Optimization examples by grouping data in memory

Question

Not really a question, rather an article-example to a question . Optimization methods based on efficient use of equipment , item “Bypassing data access latency”, paragraphs. "Grouping the desired data."

Quite an example from life - a system of particles. The first option is an array of structures (in the results, two left columns), the second is two arrays with structures broken down by purpose (the main data are in one structure, the auxiliary ones are in the other).

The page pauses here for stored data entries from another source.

(* Let $n,n'\ge2$, $[n,a,b,r]\in\Lambda_n$ and $[n',a',b',r']\in\Lambda_{n'}$ be distinct indices. Then $G(n,a,b,r)$ and $G(n',a',b',r')$ are isomorphic only when the two indices are $[m,1,m,2]$ and $[2m,2,m,1]$ for some odd $m$. Conversely, for $m$ odd ($m\ge3$), an isomorphism $G(m,1,m,2)\to G(2m,2,m,1)$ is given on generators by $$\begin{pmatrix}1&0\\0&-1\end{pmatrix}\mapsto\begin{pmatrix}0&k\\-k&0\end{pmatrix},\qquad \begin{pmatrix}0&c\\c^{-1}&0\end{pmatrix}\mapsto\begin{pmatrix}0&c\\c^{-1}&0\end{pmatrix}\ \ (c\in\{1,\omega_m,j\}),$$ where $\omega_m=\cos(\pi/m)+i\sin(\pi/m)$.
   Context: $\mathbb{H}$ is the real quaternion algebra with basis $1,i,j,k$. For $n\ge2$ let $\omega_n:=\cos(\pi/n)+i\sin(\pi/n)\in\mathbb{H}$ and $\mathcal{D}_n:=\langle\omega_n,j\rangle$ (dicyclic group of order $4n$). $\Omega_n:=\{(a,b):1\le a\le b\le n,\ a\mid n,\ b\mid n,\ \gcd(a,b)=1\}$, and $\Lambda_n:=\{[n,a,b,\tfrac{n}{ab}]:(a,b)\in\Omega_n\}\cup\{[n,a,b,\tfrac{2n}{ab}]:(a,b)\in\Omega_n,\ ab\text{ odd}\}$. For an index $[n,a,b,r]\in\Lambda_n$, $G(n,a,b,r)$ is the subgroup of $U(\mathbb{H}^2)$ generated by $\mathrm{diag}(\omega_n^{2n/r},1)$ and the matrices $\begin{pmatrix}0&c\\c^{-1}&0\end{pmatrix}$ for $c\in\{1,\omega_n^a,j,\omega_n^bj\}$ (equivalently, the canonical-form reflection group with nondiagonal reflections given by the closure of $\{1,\omega_n^a,j,\omega_n^bj\}$ under $(x,y)\mapsto xy^{-1}x$, and diagonal reflections $\mathrm{diag}(h,1),\mathrm{diag}(1,h)$, $h\in\langle\omega_n^{2n/r}\rangle\setminus\{1\}$). A reflection is a non-identity $g\in U(\mathbb{H}^2)$ with $\operatorname{rank}(g-I)=1$. Two such reflection groups are called isomorphic if there is a group isomorphism between them mapping the set of reflections of one onto the set of reflections of the other. *)

theory Defs
  imports Complex_Main
begin

datatype quat = Quat (qre: real) (qi: real) (qj: real) (qk: real)

instantiation quat :: "{zero, one, plus, minus, uminus, times, inverse, power}"
begin
definition "0 = Quat 0 0 0 0"
definition "1 = Quat 1 0 0 0"
definition "p + q = Quat (qre p + qre q) (qi p + qi q) (qj p + qj q) (qk p + qk q)"
definition "p - q = Quat (qre p - qre q) (qi p - qi q) (qj p - qj q) (qk p - qk q)"
definition "- q = Quat (- qre q) (- qi q) (- qj q) (- qk q)"
definition "p * q = Quat
   (qre p * qre q - qi p * qi q - qj p * qj q - qk p * qk q)
   (qre p * qi q + qi p * qre q + qj p * qk q - qk p * qj q)
   (qre p * qj q - qi p * qk q + qj p * qre q + qk p * qi q)
   (qre p * qk q + qi p * qj q - qj p * qi q + qk p * qre q)"
definition "inverse q = (let s = qre q ^ 2 + qi q ^ 2 + qj q ^ 2 + qk q ^ 2 in
   Quat (qre q / s) (- qi q / s) (- qj q / s) (- qk q / s))"
definition "divide p q = p * inverse (q :: quat)"
instance ..
end

definition qcnj :: "quat \<Rightarrow> quat" where
  "qcnj q = Quat (qre q) (- qi q) (- qj q) (- qk q)"

definition quat_i :: quat where "quat_i = Quat 0 1 0 0"
definition quat_j :: quat where "quat_j = Quat 0 0 1 0"
definition quat_k :: quat where "quat_k = Quat 0 0 0 1"

definition omega :: "nat \<Rightarrow> quat" where
  "omega n = Quat (cos (pi / real n)) (sin (pi / real n)) 0 0"

text \<open>M2 a b c d is the matrix with rows (a b) and (c d).\<close>
datatype m2 = M2 quat quat quat quat

fun mmul :: "m2 \<Rightarrow> m2 \<Rightarrow> m2" where
  "mmul (M2 a b c d) (M2 e f g h) =
     M2 (a * e + b * g) (a * f + b * h) (c * e + d * g) (c * f + d * h)"

fun msub :: "m2 \<Rightarrow> m2 \<Rightarrow> m2" where
  "msub (M2 a b c d) (M2 e f g h) = M2 (a - e) (b - f) (c - g) (d - h)"

fun madj :: "m2 \<Rightarrow> m2" where
  "madj (M2 a b c d) = M2 (qcnj a) (qcnj c) (qcnj b) (qcnj d)"

definition mI :: m2 where "mI = M2 1 0 0 1"
definition mzero :: m2 where "mzero = M2 0 0 0 0"

text \<open>Rank of a 2x2 quaternion matrix: the maximal number of right-linearly
  independent columns (columns (a,c) and (b,d)).\<close>
fun cols_dependent :: "m2 \<Rightarrow> bool" where
  "cols_dependent (M2 a b c d) =
     (\<exists>x y. (x \<noteq> 0 \<or> y \<noteq> 0) \<and> a * x + b * y = 0 \<and> c * x + d * y = 0)"

definition mrank :: "m2 \<Rightarrow> nat" where
  "mrank A = (if A = mzero then 0 else if cols_dependent A then 1 else 2)"

definition is_reflection :: "m2 \<Rightarrow> bool" where
  "is_reflection g \<longleftrightarrow> g \<noteq> mI \<and> mrank (msub g mI) = 1"

text \<open>Subgroup of U(H^2) generated by a set S of unitary matrices
  (inverses of unitary generators are their conjugate transposes).\<close>
inductive_set gen_grp :: "m2 set \<Rightarrow> m2 set" for S where
  gen_one: "mI \<in> gen_grp S"
| gen_mul: "g \<in> gen_grp S \<Longrightarrow> s \<in> S \<Longrightarrow> mmul s g \<in> gen_grp S"
| gen_inv: "g \<in> gen_grp S \<Longrightarrow> s \<in> S \<Longrightarrow> mmul (madj s) g \<in> gen_grp S"

definition Nmat :: "quat \<Rightarrow> m2" where
  "Nmat c = M2 0 c (inverse c) 0"

definition Omega_set :: "nat \<Rightarrow> (nat \<times> nat) set" where
  "Omega_set n = {(a, b). 1 \<le> a \<and> a \<le> b \<and> b \<le> n \<and> a dvd n \<and> b dvd n \<and> coprime a b}"

definition Lambda_set :: "nat \<Rightarrow> (nat \<times> nat \<times> nat \<times> nat) set" where
  "Lambda_set n =
     {(n, a, b, n div (a * b)) | a b. (a, b) \<in> Omega_set n}
   \<union> {(n, a, b, (2 * n) div (a * b)) | a b. (a, b) \<in> Omega_set n \<and> odd (a * b)}"

definition Ggrp :: "nat \<Rightarrow> nat \<Rightarrow> nat \<Rightarrow> nat \<Rightarrow> m2 set" where
  "Ggrp n a b r = gen_grp
     ({M2 (omega n ^ ((2 * n) div r)) 0 0 1}
      \<union> Nmat ` {1, omega n ^ a, quat_j, omega n ^ b * quat_j})"

definition refl_iso :: "(m2 \<Rightarrow> m2) \<Rightarrow> m2 set \<Rightarrow> m2 set \<Rightarrow> bool" where
  "refl_iso f G H \<longleftrightarrow> bij_betw f G H
     \<and> (\<forall>x\<in>G. \<forall>y\<in>G. f (mmul x y) = mmul (f x) (f y))
     \<and> f ` {g \<in> G. is_reflection g} = {h \<in> H. is_reflection h}"

definition refl_isomorphic :: "m2 set \<Rightarrow> m2 set \<Rightarrow> bool" where
  "refl_isomorphic G H \<longleftrightarrow> (\<exists>f. refl_iso f G H)"

end

theory Submission
  imports Defs
begin

(* All groups G(n,a,b,r) consist of monomial matrices with entries in the dicyclic group, and
   their reflections can be listed: there are 2(r-1) + P + Q of them, where P = 2n/a and
   Q = 2n/b. A reflection isomorphism preserves this number, the set of orders of reflections
   (they divide 2 or r, and r occurs once r \<ge> 2) and the set of orders of products of two
   reflections (they divide 2r, P, Q or 4, and P and Q occur). An elementary case analysis
   shows that these invariants determine the index, except for the pairs [m,1,m,2] and
   [2m,2,m,1] with m odd.

   For such a pair both groups have the form H \<union> H t with H = \<langle>N(1), N(\<omega>\<^sub>m), N(j)\<rangle> and an
   involution t, namely t = diag(1,-1) and t = N(k). The product diag(1,-1) N(k) = antidiag(k,k)
   centralises H, so both involutions act alike on H and h \<mapsto> h, h diag(1,-1) \<mapsto> h N(k) is an
   isomorphism; it maps the reflections \<plusminus>diag(1,-1) outside H to the reflections \<plusminus>N(k). *)

lemma quat_eqI: "qre p = qre q \<Longrightarrow> qi p = qi q \<Longrightarrow> qj p = qj q \<Longrightarrow> qk p = qk q \<Longrightarrow> p = q"
  by (cases p; cases q) auto

lemma quat_component_simps [simp]:
  "qre 0 = 0" "qi 0 = 0" "qj 0 = 0" "qk 0 = 0"
  "qre 1 = 1" "qi 1 = 0" "qj 1 = 0" "qk 1 = 0"
  "qre (p + q) = qre p + qre q" "qi (p + q) = qi p + qi q"
  "qj (p + q) = qj p + qj q" "qk (p + q) = qk p + qk q"
  "qre (p - q) = qre p - qre q" "qi (p - q) = qi p - qi q"
  "qj (p - q) = qj p - qj q" "qk (p - q) = qk p - qk q"
  "qre (- q) = - qre q" "qi (- q) = - qi q" "qj (- q) = - qj q" "qk (- q) = - qk q"
  "qre (p * q) = qre p * qre q - qi p * qi q - qj p * qj q - qk p * qk q"
  "qi (p * q) = qre p * qi q + qi p * qre q + qj p * qk q - qk p * qj q"
  "qj (p * q) = qre p * qj q - qi p * qk q + qj p * qre q + qk p * qi q"
  "qk (p * q) = qre p * qk q + qi p * qj q - qj p * qi q + qk p * qre q"
  by (simp_all add: zero_quat_def one_quat_def plus_quat_def minus_quat_def
      uminus_quat_def times_quat_def)

definition qnorm2 :: "quat \<Rightarrow> real" where
  "qnorm2 q = qre q ^ 2 + qi q ^ 2 + qj q ^ 2 + qk q ^ 2"

lemma qnorm2_eq_0_iff: "qnorm2 q = 0 \<longleftrightarrow> q = 0"
proof
  assume "qnorm2 q = 0"
  then have "qre q = 0" "qi q = 0" "qj q = 0" "qk q = 0"
    unfolding qnorm2_def by (smt (verit) zero_le_power2 zero_eq_power2)+
  then show "q = 0" by (auto intro: quat_eqI)
qed (simp add: qnorm2_def)

lemma quat_inverse_components [simp]:
  "qre (inverse q) = qre q / qnorm2 q" "qi (inverse q) = - qi q / qnorm2 q"
  "qj (inverse q) = - qj q / qnorm2 q" "qk (inverse q) = - qk q / qnorm2 q"
  by (simp_all add: inverse_quat_def qnorm2_def Let_def)

instance quat :: division_ring
proof
  fix a b c :: quat
  show "a * b * c = a * (b * c)" by (rule quat_eqI) (simp_all add: algebra_simps)
  show "1 * a = a" "a * 1 = a" by (rule quat_eqI; simp)+
  show "a + b + c = a + (b + c)" "a + b = b + a" "0 + a = a" "- a + a = 0" "a - b = a + - b"
    by (rule quat_eqI; simp)+
  show "(a + b) * c = a * c + b * c" "a * (b + c) = a * b + a * c"
    by (rule quat_eqI; simp add: algebra_simps)+
  show "(0::quat) \<noteq> 1" by (metis quat_component_simps(1,5) zero_neq_one)
  show "a / b = a * inverse b" by (simp add: divide_quat_def)
  show "inverse (0::quat) = 0" by (rule quat_eqI) (simp_all add: qnorm2_def)
  assume "a \<noteq> 0"
  then have nz: "qnorm2 a \<noteq> 0" by (simp add: qnorm2_eq_0_iff)
  have sq: "qnorm2 a = qre a * qre a + qi a * qi a + qj a * qj a + qk a * qk a"
    by (simp add: qnorm2_def power2_eq_square)
  show "inverse a * a = 1"
    by (rule quat_eqI) (use nz in \<open>simp_all add: field_simps, simp_all add: sq algebra_simps\<close>)
  show "a * inverse a = 1"
    by (rule quat_eqI) (use nz in \<open>simp_all add: field_simps, simp_all add: sq algebra_simps\<close>)
qed

section \<open>The dicyclic group \<open>\<langle>\<omega>\<^sub>n, j\<rangle>\<close> in exponent coordinates\<close>

definition dic_angle :: "nat \<Rightarrow> int \<Rightarrow> real" where
  "dic_angle n k = of_int k * pi / of_nat n"

text \<open>\<open>dic n False k = \<omega>\<^sub>n\<^sup>k\<close> and \<open>dic n True k = \<omega>\<^sub>n\<^sup>k j\<close>.\<close>

definition dic :: "nat \<Rightarrow> bool \<Rightarrow> int \<Rightarrow> quat" where
  "dic n e k = (if e then Quat 0 0 (cos (dic_angle n k)) (sin (dic_angle n k))
                else Quat (cos (dic_angle n k)) (sin (dic_angle n k)) 0 0)"

text \<open>Since \<open>j \<omega> = \<omega>\<^sup>-\<^sup>1 j\<close> and \<open>j\<^sup>2 = \<omega>\<^sup>n = -1\<close>, the exponents multiply as follows.\<close>

definition dic_mult_exp :: "nat \<Rightarrow> bool \<Rightarrow> bool \<Rightarrow> int \<Rightarrow> int \<Rightarrow> int" where
  "dic_mult_exp n e e' k l = (if e then if e' then k - l + int n else k - l else k + l)"

definition dic_inv_exp :: "nat \<Rightarrow> bool \<Rightarrow> int \<Rightarrow> int" where
  "dic_inv_exp n e k = (if e then k + int n else - k)"

lemma dic_components [simp]:
  "qre (dic n e k) = (if e then 0 else cos (dic_angle n k))"
  "qi (dic n e k) = (if e then 0 else sin (dic_angle n k))"
  "qj (dic n e k) = (if e then cos (dic_angle n k) else 0)"
  "qk (dic n e k) = (if e then sin (dic_angle n k) else 0)"
  by (simp_all add: dic_def)

lemma dic_angle_add: "dic_angle n (k + l) = dic_angle n k + dic_angle n l"
  by (simp add: dic_angle_def add_divide_distrib distrib_right)

lemma dic_angle_diff: "dic_angle n (k - l) = dic_angle n k - dic_angle n l"
  by (simp add: dic_angle_def diff_divide_distrib left_diff_distrib)

lemma dic_angle_minus: "dic_angle n (- k) = - dic_angle n k"
  by (simp add: dic_angle_def)

lemma dic_angle_n: "n > 0 \<Longrightarrow> dic_angle n (int n) = pi"
  by (simp add: dic_angle_def)

lemma dic_mult:
  assumes "n > 0"
  shows "dic n e k * dic n e' l = dic n (e \<noteq> e') (dic_mult_exp n e e' k l)"
  by (cases e; cases e'; rule quat_eqI)
     (simp_all add: assms dic_mult_exp_def dic_angle_add dic_angle_diff dic_angle_n
       cos_add sin_add cos_diff sin_diff algebra_simps)

lemma dic_zero_exp: "dic n False 0 = 1" "dic n True 0 = quat_j"
  by (rule quat_eqI; simp add: dic_angle_def quat_j_def)+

Naturally, the example does not contain many different data processing procedures. It only demonstrates the change in performance on a small fragment of the real system. Ie, let's say, we have a large complex software system (say, Folding @ Home), in which a large amount of data is an array of records. One of the typical computational problems on this data, with the speed of calculation of which the problem arose - the processing of a subset of data. This technique can accelerate this calculation. This will cause some problems (less beautiful code, a slight slowdown of some other data processing procedures). In general, as usual with optimization.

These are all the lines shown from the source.